Militant in the struggle
I, a true militant in the Global Struggle, write you from inside the sordid trenches of a Missouri gulag. I recently received a package from you - finally, after a death struggle with pigs to receive my material that had been censored.
I’m headstrong and set in my ways. Prison cells can’t contain or circumscribe my thoughts and ideas. In similar aspects, subjugation/incarceration mirrors social ostracism. In both cases, one is treated as an outcast. That is why, importantly, we must nurture strong identities and, essentially, maintain outside connections and support. We, as prisoners, have something to prove: it is our responsibility to work for positive change, mobilize the masses and endear them to our struggle - and then “shut down” the slave-making prison-industrial-complex.

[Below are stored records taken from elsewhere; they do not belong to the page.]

lemma hub_rate:
  fixes p :: "nat \<Rightarrow> real"
  assumes H: "digraph V E" and "E \<noteq> {}"
    and p: "\<forall>n. 0 < p n \<and> p n < 1" "p \<longlonglongrightarrow> 0"
    and T: "filterlim (\<lambda>n. real n * p n ^ maxdeg V E) at_top sequentially"
    and x: "0 \<le> x1" "0 \<le> x2" and y: "0 \<le> y1" "y1 \<le> 1" "0 \<le> y2" "y2 \<le> 1"
    and f: "1 + \<delta> < fH V E x1 x2 y1 y2" and cost: "x1 * y1 + x2 * y2 < c"
  shows "eventually (\<lambda>n. rate V E \<delta> n (p n) \<le> c) sequentially"
proof -
  define T where "T n = real n * p n ^ maxdeg V E" for n
  define w where "w = class_weight x1 x2 y1 y2"
  define sz where "sz n = hub_size w (T n) n" for n
  define ratio where "ratio n k = sz n k / (if in_hub k then T n else real n)" for n k
  have w: "0 \<le> w k" "\<not> in_hub k \<Longrightarrow> w k \<le> 1" for k
    unfolding w_def using x y by (simp_all add: class_weight_nonneg class_weight_le_one)
  have w_trans: "w Transit \<le> min (w Source) (w Sink)" "w Both_nbr \<le> min (w Out_nbr) (w In_nbr)"
    using y by (simp_all add: w_def mult_le_one mult_left_le_one_le mult_left_le)
  have "(\<lambda>n. p n ^ maxdeg V E) \<longlonglongrightarrow> 0 ^ maxdeg V E" by (rule tendsto_power[OF p(2)])
  then have "(\<lambda>n. p n ^ maxdeg V E) \<longlonglongrightarrow> 0" by (simp only: zero_power[OF maxdeg_pos[OF H \<open>E \<noteq> {}\<close>]])
  moreover have "eventually (\<lambda>n. p n ^ maxdeg V E = T n / real n) sequentially"
    using eventually_gt_at_top[of 0] by eventually_elim (simp add: T_def)
  ultimately have "(\<lambda>n. T n / real n) \<longlonglongrightarrow> 0" by (rule Lim_transform_eventually)
  note sizes = hub_size_asymptotics[where w = w, OF T[folded T_def] this w(1)]
  define LB where "LB n = (\<Sum>S\<in>indep_sets V E.
      (\<Prod>v\<in>V. sz n (classify V E S v) / (if v \<in> S then T n else real n)) *
      (1 - (\<Sum>e\<in>E - incident_edges E S. 1 / sz n (classify V E S (snd e)))))" for n
  have LB_lim: "LB \<longlonglongrightarrow> fH V E x1 x2 y1 y2"
    unfolding LB_def[abs_def]
    by (rule hub_lower_bound_tendsto[OF H \<open>E \<noteq> {}\<close>]) (use sizes in \<open>simp_all add: sz_def w_def\<close>)
  have hom: "eventually (\<lambda>n. p n ^ card E * LB n
      \<le> hom_density V E n (planted_matrix (hub_rectangles n (sz n)) (p n))) sequentially"
    using sizes(3) eventually_gt_at_top[of 0]
  proof eventually_elim
    case (elim n)
    have "0 \<le> T n" using p(1)[rule_format, of n] by (simp add: T_def)
    note fits = hub_size_fits[OF \<open>0 \<le> T n\<close> w w_trans elim(1)]
    have "0 < p n" "p n \<le> 1" using p(1)[rule_format, of n] by simp_all
    from hub_hom_density_ge[OF H \<open>E \<noteq> {}\<close> this elim(2) fits[folded sz_def]]
    show ?case unfolding LB_def T_def .
  qed
  have cost_lim: "(\<lambda>n. ratio n Source * ratio n Out_nbr + ratio n In_nbr * ratio n Sink)
      \<longlonglongrightarrow> w Source * w Out_nbr + w In_nbr * w Sink"
    using sizes(1)[unfolded sz_def[symmetric] ratio_def[symmetric]] by (intro tendsto_intros)
  have card: "eventually (\<lambda>n. card (hub_rectangles n (sz n))
      \<le> (ratio n Source * ratio n Out_nbr + ratio n In_nbr * ratio n Sink) * (real n ^ 2 * p n ^ maxdeg V E))
      sequentially"
    using eventually_gt_at_top[of 0]
  proof eventually_elim
    case (elim n)
    have "0 < T n" using elim p(1)[rule_format, of n] by (simp add: T_def)
    have "real (card (hub_rectangles n (sz n)))
        \<le> real (sz n Source) * sz n Out_nbr + real (sz n In_nbr) * sz n Sink"
      using card_hub_rectangles_le[of n "sz n"] by (simp flip: of_nat_mult of_nat_add)
    also have "\<dots> = (ratio n Source * ratio n Out_nbr + ratio n In_nbr * ratio n Sink) * (T n * real n)"
      using \<open>0 < T n\<close> elim by (simp add: ratio_def field_simps)
    finally show ?case by (simp add: T_def power2_eq_square mult_ac)
  qed
  have cost': "w Source * w Out_nbr + w In_nbr * w Sink < c" using cost by (simp add: w_def mult.commute)
  show ?thesis
    by (rule eventually_rate_le[OF p(1) _ LB_lim f hom cost_lim card cost']) (simp add: hub_rectangles_def)
qed

text \<open>For regular H we have \<open>2 |E| = |V| \<Delta>\<close>, so the maps into a clique of size s contribute
  \<open>q^|E|\<close> times \<open>(s / (n sqrt (q^\<Delta>)))^|V|\<close> to the homomorphism density.\<close>
lemma clique_hom_density_ge:
  fixes s n :: nat
  assumes H: "digraph V E" and "V \<noteq> {}" and reg: "regular V E (maxdeg V E)"
    and q: "0 < q" "q \<le> 1" and "s \<le> n" "0 < n"
  shows "q ^ card E * ((real (n - s) / n) ^ card V * (1 - card E / real (n - s))
          + (real s / (n * sqrt (q ^ maxdeg V E))) ^ card V * (1 - card E / real s))
      \<le> hom_density V E n (planted_matrix ({..<s} \<times> {..<s}) q)"
proof -
  let ?v = "card V" and ?M = "real n * sqrt (q ^ maxdeg V E)"
  have "sqrt (q ^ maxdeg V E) ^ ?v = sqrt (q ^ (card E * 2))"
    using handshake[OF H reg] by (simp add: real_sqrt_power power_mult[symmetric] mult.commute)
  also have "\<dots> = q ^ card E" using q(1) by (simp add: power_mult)
  finally have "sqrt (q ^ maxdeg V E) ^ ?v = q ^ card E" .
  then have clique: "(real s / ?M) ^ ?v * real n ^ ?v * q ^ card E = real s ^ ?v"
    using \<open>0 < n\<close> q(1) by (simp add: power_divide power_mult_distrib field_simps)
  have rest: "(real (n - s) / n) ^ ?v * real n ^ ?v = real (n - s) ^ ?v"
    using \<open>0 < n\<close> by (simp add: power_divide)
  have "q ^ card E * ((real (n - s) / n) ^ ?v * (1 - card E / real (n - s))
          + (real s / ?M) ^ ?v * (1 - card E / real s)) * real n ^ ?v
      = q ^ card E * ((real (n - s) / n) ^ ?v * real n ^ ?v) * (1 - card E / real (n - s))
          + ((real s / ?M) ^ ?v * real n ^ ?v * q ^ card E) * (1 - card E / real s)"
    by (simp add: algebra_simps)
  also have "\<dots> = q ^ card E * real (n - s) ^ ?v * (1 - card E / real (n - s))
      + real s ^ ?v * (1 - card E / real s)"
    by (simp only: clique rest)
  also have "\<dots> \<le> real n ^ ?v * hom_density V E n (planted_matrix ({..<s} \<times> {..<s}) q)"
    using clique_hom_sum_ge[OF H \<open>V \<noteq> {}\<close> less_imp_le[OF q(1)] q(2) \<open>s \<le> n\<close>] \<open>0 < n\<close>
    by (simp add: hom_density_def mult.assoc)
  finally show ?thesis using \<open>0 < n\<close> by (simp add: mult.commute)
qed

lemma clique_rate:
  fixes p :: "nat \<Rightarrow> real"
  assumes H: "digraph V E" and "E \<noteq> {}" and reg: "regular V E (maxdeg V E)"
    and p: "\<forall>n. 0 < p n \<and> p n < 1" "p \<longlonglongrightarrow> 0"
    and M: "filterlim (\<lambda>n. real n * sqrt (p n ^ maxdeg V E)) at_top sequentially"
    and "0 < c" "\<delta> < c ^ card V" "c\<^sup>2 < c'"
  shows "eventually (\<lambda>n. rate V E \<delta> n (p n) \<le> c') sequentially"
proof -
  define M where "M n = real n * sqrt (p n ^ maxdeg V E)" for n
  define s where "s n = nat \<lceil>c * M n\<rceil>" for n
  have "V \<noteq> {}" using H \<open>E \<noteq> {}\<close> by (auto simp: digraph_def)
  have M_top: "filterlim M at_top sequentially" using M by (simp add: M_def[abs_def])
  have s_M: "(\<lambda>n. real (s n) / M n) \<longlonglongrightarrow> c"
    unfolding s_def using \<open>0 < c\<close> M_top by (intro tendsto_nat_ceiling_div) simp_all
  have s_top: "filterlim (\<lambda>n. real (s n)) at_top sequentially"
  proof (rule filterlim_at_top_mono)
    show "filterlim (\<lambda>n. c * M n) at_top sequentially"
      by (rule filterlim_tendsto_pos_mult_at_top[OF tendsto_const \<open>0 < c\<close> M_top])
    show "eventually (\<lambda>n. c * M n \<le> real (s n)) sequentially"
      by (intro always_eventually allI) (simp add: s_def, linarith)
  qed
  have "(\<lambda>n. p n ^ maxdeg V E) \<longlonglongrightarrow> 0 ^ maxdeg V E" by (rule tendsto_power[OF p(2)])
  then have "(\<lambda>n. p n ^ maxdeg V E) \<longlonglongrightarrow> 0" by (simp only: zero_power[OF maxdeg_pos[OF H \<open>E \<noteq> {}\<close>]])
  then have "(\<lambda>n. sqrt (p n ^ maxdeg V E)) \<longlonglongrightarrow> 0" using tendsto_real_sqrt by fastforce
  then have "(\<lambda>n. real (s n) / M n * sqrt (p n ^ maxdeg V E)) \<longlonglongrightarrow> c * 0" by (intro tendsto_mult s_M)
  moreover have "eventually (\<lambda>n. real (s n) / M n * sqrt (p n ^ maxdeg V E) = real (s n) / real n)
      sequentially"
    using eventually_gt_at_top[of 0]
  proof eventually_elim
    case (elim n)
    then show ?case using p(1)[rule_format, of n] by (simp add: M_def)
  qed
  ultimately have "(\<lambda>n. real (s n) / real n) \<longlonglongrightarrow> 0" by (simp add: Lim_transform_eventually)
  note rest = vanishing_fraction_complement[OF this]
  define LB where "LB n = (real (n - s n) / n) ^ card V * (1 - card E / real (n - s n))
      + (real (s n) / M n) ^ card V * (1 - card E / real (s n))" for n
  have "LB \<longlonglongrightarrow> 1 ^ card V * (1 - 0) + c ^ card V * (1 - 0)"
    unfolding LB_def[abs_def] using rest(3) s_top
    by (intro tendsto_intros rest(2) s_M tendsto_divide_0[OF tendsto_const] filterlim_at_top_imp_at_infinity)
  then have LB_lim: "LB \<longlonglongrightarrow> 1 + c ^ card V" by simp
  have hom: "eventually (\<lambda>n. p n ^ card E * LB n
      \<le> hom_density V E n (planted_matrix ({..<s n} \<times> {..<s n}) (p n))) sequentially"
    using rest(1) eventually_gt_at_top[of 0]
  proof eventually_elim
    case (elim n)
    have "0 < p n" "p n \<le> 1" using p(1)[rule_format, of n] by simp_all
    from clique_hom_density_ge[OF H \<open>V \<noteq> {}\<close> reg this elim]
    show ?case unfolding LB_def M_def .
  qed
  have cost_lim: "(\<lambda>n. (real (s n) / M n)\<^sup>2) \<longlonglongrightarrow> c\<^sup>2" by (intro tendsto_intros s_M)
  have card: "eventually (\<lambda>n. card ({..<s n} \<times> {..<s n})
      \<le> (real (s n) / M n)\<^sup>2 * (real n ^ 2 * p n ^ maxdeg V E)) sequentially"
    using eventually_gt_at_top[of 0]
  proof eventually_elim
    case (elim n)
    have M2: "(M n)\<^sup>2 = real n ^ 2 * p n ^ maxdeg V E"
      using p(1)[rule_format, of n] by (simp add: M_def power_mult_distrib)
    have "0 < M n" using elim p(1)[rule_format, of n] by (simp add: M_def)
    then have "(real (s n) / M n)\<^sup>2 * (real n ^ 2 * p n ^ maxdeg V E) = real (s n) ^ 2"
      unfolding M2[symmetric] by (simp add: power_divide)
    then show ?case by (simp add: card_cartesian_product power2_eq_square)
  qed
  show ?thesis
    by (rule eventually_rate_le[OF p(1) _ LB_lim _ hom cost_lim card \<open>c\<^sup>2 < c'\<close>])
      (use \<open>\<delta> < c ^ card V\<close> in simp_all)
qed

Throughout my years of incarceration I’ve personally witnessed poignant scenes that have left an indelible mark on my soul; each time I replay these scenes in my mind, I tremble from head to toe…knowing that, somehow, I got to make a change for “me” (and the voiceless, hopeless brothers and sisters dealing with the turmoil of prison.)
To my MIM brothers, sisters and comrades: you have a lifelong supporter, friend, ally in me. I’m scheduled to be released in the next 2.5 years, and the enemy is doing everything in its power to prevent my emancipation (they have me facing trumped up criminal charges for allegedly committing violence on a DOC employee.)
So stand with me in solidarity to eradicate this beast of property (PIC)! From the trenches, to the streets - can’t no concrete tomb hold my body down, still I rise!